=== TASK PROMPT ===
Return only the stretch of the material below that begins with the line containing "by (simp add: matrix_vector_mult_diff_distrib" and ends with the line containing "diag_op_mult[OF e finite_lessThan]", exactly; both of those lines belong to it.

=== GIVEN INFORMATION ===
text \<open>Double counting of vertex-edge incidences: a polygon has at least as many edges as
  vertices.\<close>

lemma card_extreme_points_le_card_facets:
  fixes S :: "'a::euclidean_space set"
  assumes "polyhedron S" "aff_dim S = 2"
  shows "card {v. v extreme_point_of S} \<le> card {C. C facet_of S}"
proof -
  define V where "V = {v. v extreme_point_of S}"
  define Fs where "Fs = {C. C facet_of S}"
  have fin: "finite V" "finite Fs"
    unfolding V_def Fs_def
    by (simp_all add: assms(1) finite_polyhedron_extreme_points finite_polyhedron_facets)
  have "2 * card V = (\<Sum>v\<in>V. 2)"
    by simp
  also have "\<dots> \<le> (\<Sum>v\<in>V. card {C\<in>Fs. v \<in> C})"
    using extreme_point_in_two_facets[OF assms(1)] assms(2)
    by (intro sum_mono) (auto simp: V_def Fs_def)
  also have "\<dots> = (\<Sum>v\<in>V. \<Sum>C\<in>Fs. if v \<in> C then 1 else 0)"
    using fin by (simp add: sum.If_cases Int_def)
  also have "\<dots> = (\<Sum>C\<in>Fs. \<Sum>v\<in>V. if v \<in> C then 1 else 0)"
    by (rule sum.swap)
  also have "\<dots> = (\<Sum>C\<in>Fs. card {v\<in>V. v \<in> C})"
    using fin by (simp add: sum.If_cases Int_def)
  also have "\<dots> \<le> (\<Sum>C\<in>Fs. 2)"
  proof (intro sum_mono)
    fix C assume "C \<in> Fs"
    then have "collinear C" "C \<subseteq> S"
      using assms(2) by (auto simp: Fs_def facet_of_def collinear_aff_dim dest: face_of_imp_subset)
    then show "card {v\<in>V. v \<in> C} \<le> 2"
      using card_extreme_points_in_collinear by (simp add: V_def conj_commute)
  qed
  also have "\<dots> = 2 * card Fs"
    by simp
  finally show ?thesis
    by (simp add: V_def Fs_def)
qed
lemma diag_op_mult:
  assumes "orthonormal_on e L" "finite L"
  shows "diag_op e L c ** diag_op e L d = diag_op e L (\<lambda>l. c l * d l)"
proof (subst matrix_eq, intro allI)
  fix v
  have "(diag_op e L c ** diag_op e L d) *v v = diag_op e L c *v (diag_op e L d *v v)"
    by (simp add: matrix_vector_mul_assoc)
  also have "\<dots> = (\<Sum>l\<in>L. (complex_of_real (d l) * cinner (e l) v) *s (complex_of_real (c l) *s e l))"
    by (simp add: diag_op_mult_vec[of e L d] mult_vec_sum mult_vec_scale diag_op_mult_vec_basis[OF assms])
  also have "\<dots> = diag_op e L (\<lambda>l. c l * d l) *v v"
    by (simp add: diag_op_mult_vec vector_smult_assoc ac_simps)
  finally show "(diag_op e L c ** diag_op e L d) *v v = diag_op e L (\<lambda>l. c l * d l) *v v" .
qed

lemma diag_op_trace:
  assumes "orthonormal_on e L"
  shows "mtrace (diag_op e L c) = complex_of_real (sum c L)"
  using assms by (simp add: diag_op_def mtrace_sum mtrace_scaleR mtrace_outer orthonormal_on_def)

lemma hermitian_diag_op:
  fixes A :: "complex^'n::finite^'n"
  assumes "hermitian A"
  obtains e \<nu> where "orthonormal_on e {..<CARD('n)}" "A = diag_op e {..<CARD('n)} \<nu>"
proof -
  obtain e \<nu> where e: "orthonormal_on e {..<CARD('n)}"
    and ev: "\<forall>l<CARD('n). A *v e l = complex_of_real (\<nu> l) *s e l"
    using hermitian_orthonormal_eigenvectors[OF assms] by blast
  have "A = diag_op e {..<CARD('n)} \<nu>"
  proof (subst matrix_eq, intro allI)
    fix v
    have "A *v v = A *v (\<Sum>l<CARD('n). cinner (e l) v *s e l)"
      using orthonormal_on_expansion[OF e, of v] by simp
    also have "\<dots> = diag_op e {..<CARD('n)} \<nu> *v v"
      by (simp add: mult_vec_sum mult_vec_scale ev diag_op_mult_vec vector_smult_assoc ac_simps)
    finally show "A *v v = diag_op e {..<CARD('n)} \<nu> *v v" .
  qed
  with e show thesis using that by blast
qed

lemma psd_diag_op:
  fixes A :: "complex^'n::finite^'n"
  assumes "psd A"
  obtains e \<nu> where "orthonormal_on e {..<CARD('n)}" "A = diag_op e {..<CARD('n)} \<nu>" "\<And>l. \<nu> l \<ge> 0"
proof -
  obtain e \<nu> where e: "orthonormal_on e {..<CARD('n)}" and A: "A = diag_op e {..<CARD('n)} \<nu>"
    using hermitian_diag_op[OF psd_hermitian[OF assms]] by blast
  have nonneg: "\<nu> l \<ge> 0" if "l < CARD('n)" for l
  proof -
    have "cinner (e l) (A *v e l) = complex_of_real (\<nu> l)"
      using e that by (simp add: A diag_op_mult_vec_basis cinner_scale_right orthonormal_on_def)
    then show ?thesis using assms unfolding psd_def by (metis Re_complex_of_real)
  qed
  define \<nu>' where "\<nu>' l = (if l < CARD('n) then \<nu> l else 0)" for l
  have "A = diag_op e {..<CARD('n)} \<nu>'"
    unfolding A diag_op_def by (intro sum.cong) (auto simp: \<nu>'_def)
  moreover have "\<nu>' l \<ge> 0" for l using nonneg by (simp add: \<nu>'_def)
  ultimately show thesis using that e by blast
qed

text \<open>If \<open>B\<^sup>2 v = c v\<close> with \<open>c > 0\<close>, then \<open>u = B v - \<surd>c v\<close> satisfies \<open>(B + \<surd>c) u = 0\<close>, which forces
  \<open>u = 0\<close> because \<open>B + \<surd>c\<close> is positive definite.\<close>
lemma psd_sqrt_eigenvector:
  fixes B :: "complex^'n::finite^'n"
  assumes B: "psd B" and BB: "B *v (B *v v) = complex_of_real c *s v" and c: "c \<ge> 0"
  shows "B *v v = complex_of_real (sqrt c) *s v"
proof (cases "c = 0")
  case True
  have "cinner (B *v v) (B *v v) = cinner v (B *v (B *v v))"
    by (simp add: hermitian_cinner[OF psd_hermitian[OF B]])
  then show ?thesis using BB True by (simp add: cinner_self_eq_0)
next
  case False
  define s where "s = sqrt c"
  have s: "s > 0" "s * s = c" using c False unfolding s_def by auto
  define u where "u = B *v v - complex_of_real s *s v"
  have "B *v u + complex_of_real s *s u = B *v (B *v v) - complex_of_real (s * s) *s v"
    unfolding u_def
    by (simp add: matrix_vector_mult_diff_distrib mult_vec_scale algebra_simps vector_smult_assoc
        vector_ssub_ldistrib)
  then have "B *v u + complex_of_real s *s u = 0" using BB s by simp
  then have "Re (cinner u (B *v u + complex_of_real s *s u)) = 0" by simp
  then have "Re (cinner u (B *v u)) + s * Re (cinner u u) = 0"
    by (simp add: cinner_add_right cinner_scale_right)
  moreover have "Re (cinner u (B *v u)) \<ge> 0" using B by (simp add: psd_def)
  moreover have "s * Re (cinner u u) \<ge> 0" using s(1) cinner_self_nonneg[of u] by simp
  ultimately have "s * Re (cinner u u) = 0" by linarith
  then have "Re (cinner u u) = 0" using s(1) by simp
  then have "u = 0" using cinner_self_real[of u] by (simp add: cinner_self_eq_0)
  then show ?thesis unfolding u_def s_def by simp
qed

lemma psd_sqrt_diag_op:
  fixes B :: "complex^'n::finite^'n"
  assumes B: "psd B" and BB: "B ** B = diag_op e {..<CARD('n)} \<nu>"
    and e: "orthonormal_on e {..<CARD('n)}" and nonneg: "\<And>l. \<nu> l \<ge> 0"
  shows "B = diag_op e {..<CARD('n)} (\<lambda>l. sqrt (\<nu> l))"
proof (subst matrix_eq, intro allI)
  fix v
  have Be: "B *v e l = complex_of_real (sqrt (\<nu> l)) *s e l" if "l < CARD('n)" for l
    using that by (intro psd_sqrt_eigenvector[OF B _ nonneg])
      (simp add: matrix_vector_mul_assoc BB diag_op_mult_vec_basis[OF e])
  have "B *v v = B *v (\<Sum>l<CARD('n). cinner (e l) v *s e l)"
    using orthonormal_on_expansion[OF e, of v] by simp
  also have "\<dots> = diag_op e {..<CARD('n)} (\<lambda>l. sqrt (\<nu> l)) *v v"
    by (simp add: mult_vec_sum mult_vec_scale Be diag_op_mult_vec vector_smult_assoc ac_simps)
  finally show "B *v v = diag_op e {..<CARD('n)} (\<lambda>l. sqrt (\<nu> l)) *v v" .
qed

lemma psd_sqrt_exists:
  fixes A :: "complex^'n::finite^'n"
  assumes "psd A"
  shows "\<exists>B. psd B \<and> B ** B = A"
proof -
  obtain e \<nu> where e: "orthonormal_on e {..<CARD('n)}" and A: "A = diag_op e {..<CARD('n)} \<nu>"
    and nonneg: "\<And>l. \<nu> l \<ge> 0"
    using psd_diag_op[OF assms] by blast
  let ?B = "diag_op e {..<CARD('n)} (\<lambda>l. sqrt (\<nu> l))"
  have "psd ?B" by (rule diag_op_psd) (use nonneg in simp)
  moreover have "?B ** ?B = A" unfolding A diag_op_mult[OF e finite_lessThan]
    using nonneg by (simp add: real_sqrt_mult[symmetric])
  ultimately show ?thesis by blast
qed

lemma psd_sqrt_unique:
  fixes A :: "complex^'n::finite^'n"
  assumes "psd B" "B ** B = A" "psd C" "C ** C = A"
  shows "B = C"
proof -
  have "cinner v (A *v v) = cinner (B *v v) (B *v v)" for v
    using hermitian_cinner[OF psd_hermitian[OF assms(1)]] assms(2) by (metis matrix_vector_mul_assoc)
  then have "psd A" unfolding psd_def by (metis cinner_self_nonneg cinner_self_real Im_complex_of_real)
  then obtain e \<nu> where e: "orthonormal_on e {..<CARD('n)}" and A: "A = diag_op e {..<CARD('n)} \<nu>"
    and nonneg: "\<And>l. \<nu> l \<ge> 0"
    using psd_diag_op by blast
  show ?thesis
    using psd_sqrt_diag_op[OF assms(1) _ e nonneg] psd_sqrt_diag_op[OF assms(3) _ e nonneg] assms A
    by simp
qed

lemma msqrt_eqI:
  fixes A :: "complex^'n::finite^'n"
  assumes "psd B" "B ** B = A"
  shows "msqrt A = B"
  unfolding msqrt_def by (rule the_equality) (use assms psd_sqrt_unique in blast)+

lemma msqrt_correct:
  fixes A :: "complex^'n::finite^'n"
  assumes "psd A"
  shows "psd (msqrt A) \<and> msqrt A ** msqrt A = A"
  using psd_sqrt_exists[OF assms] msqrt_eqI by metis

lemma msqrt_zero: "msqrt (0::complex^'n::finite^'n) = 0"
  by (rule msqrt_eqI) (auto simp: psd_def)

lemma msqrt_diag_op:
  fixes e :: "'i \<Rightarrow> complex^'n::finite"
  assumes "orthonormal_on e L" "finite L" "\<And>l. l \<in> L \<Longrightarrow> c l \<ge> 0"
  shows "msqrt (diag_op e L c) = diag_op e L (\<lambda>l. sqrt (c l))"
proof (rule msqrt_eqI)
  show "psd (diag_op e L (\<lambda>l. sqrt (c l)))" by (rule diag_op_psd) (use assms in auto)
  have "diag_op e L (\<lambda>l. sqrt (c l) * sqrt (c l)) = diag_op e L c"
    unfolding diag_op_def by (intro sum.cong) (use assms in \<open>auto simp: real_sqrt_mult[symmetric]\<close>)
  then show "diag_op e L (\<lambda>l. sqrt (c l)) ** diag_op e L (\<lambda>l. sqrt (c l)) = diag_op e L c"
    by (simp add: diag_op_mult[OF assms(1,2)])
qed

=== EXERCISE OUTPUT ===
    by (simp add: matrix_vector_mult_diff_distrib mult_vec_scale algebra_simps vector_smult_assoc
        vector_ssub_ldistrib)
  then have "B *v u + complex_of_real s *s u = 0" using BB s by simp
  then have "Re (cinner u (B *v u + complex_of_real s *s u)) = 0" by simp
  then have "Re (cinner u (B *v u)) + s * Re (cinner u u) = 0"
    by (simp add: cinner_add_right cinner_scale_right)
  moreover have "Re (cinner u (B *v u)) \<ge> 0" using B by (simp add: psd_def)
  moreover have "s * Re (cinner u u) \<ge> 0" using s(1) cinner_self_nonneg[of u] by simp
  ultimately have "s * Re (cinner u u) = 0" by linarith
  then have "Re (cinner u u) = 0" using s(1) by simp
  then have "u = 0" using cinner_self_real[of u] by (simp add: cinner_self_eq_0)
  then show ?thesis unfolding u_def s_def by simp
qed

lemma psd_sqrt_diag_op:
  fixes B :: "complex^'n::finite^'n"
  assumes B: "psd B" and BB: "B ** B = diag_op e {..<CARD('n)} \<nu>"
    and e: "orthonormal_on e {..<CARD('n)}" and nonneg: "\<And>l. \<nu> l \<ge> 0"
  shows "B = diag_op e {..<CARD('n)} (\<lambda>l. sqrt (\<nu> l))"
proof (subst matrix_eq, intro allI)
  fix v
  have Be: "B *v e l = complex_of_real (sqrt (\<nu> l)) *s e l" if "l < CARD('n)" for l
    using that by (intro psd_sqrt_eigenvector[OF B _ nonneg])
      (simp add: matrix_vector_mul_assoc BB diag_op_mult_vec_basis[OF e])
  have "B *v v = B *v (\<Sum>l<CARD('n). cinner (e l) v *s e l)"
    using orthonormal_on_expansion[OF e, of v] by simp
  also have "\<dots> = diag_op e {..<CARD('n)} (\<lambda>l. sqrt (\<nu> l)) *v v"
    by (simp add: mult_vec_sum mult_vec_scale Be diag_op_mult_vec vector_smult_assoc ac_simps)
  finally show "B *v v = diag_op e {..<CARD('n)} (\<lambda>l. sqrt (\<nu> l)) *v v" .
qed

lemma psd_sqrt_exists:
  fixes A :: "complex^'n::finite^'n"
  assumes "psd A"
  shows "\<exists>B. psd B \<and> B ** B = A"
proof -
  obtain e \<nu> where e: "orthonormal_on e {..<CARD('n)}" and A: "A = diag_op e {..<CARD('n)} \<nu>"
    and nonneg: "\<And>l. \<nu> l \<ge> 0"
    using psd_diag_op[OF assms] by blast
  let ?B = "diag_op e {..<CARD('n)} (\<lambda>l. sqrt (\<nu> l))"
  have "psd ?B" by (rule diag_op_psd) (use nonneg in simp)
  moreover have "?B ** ?B = A" unfolding A diag_op_mult[OF e finite_lessThan]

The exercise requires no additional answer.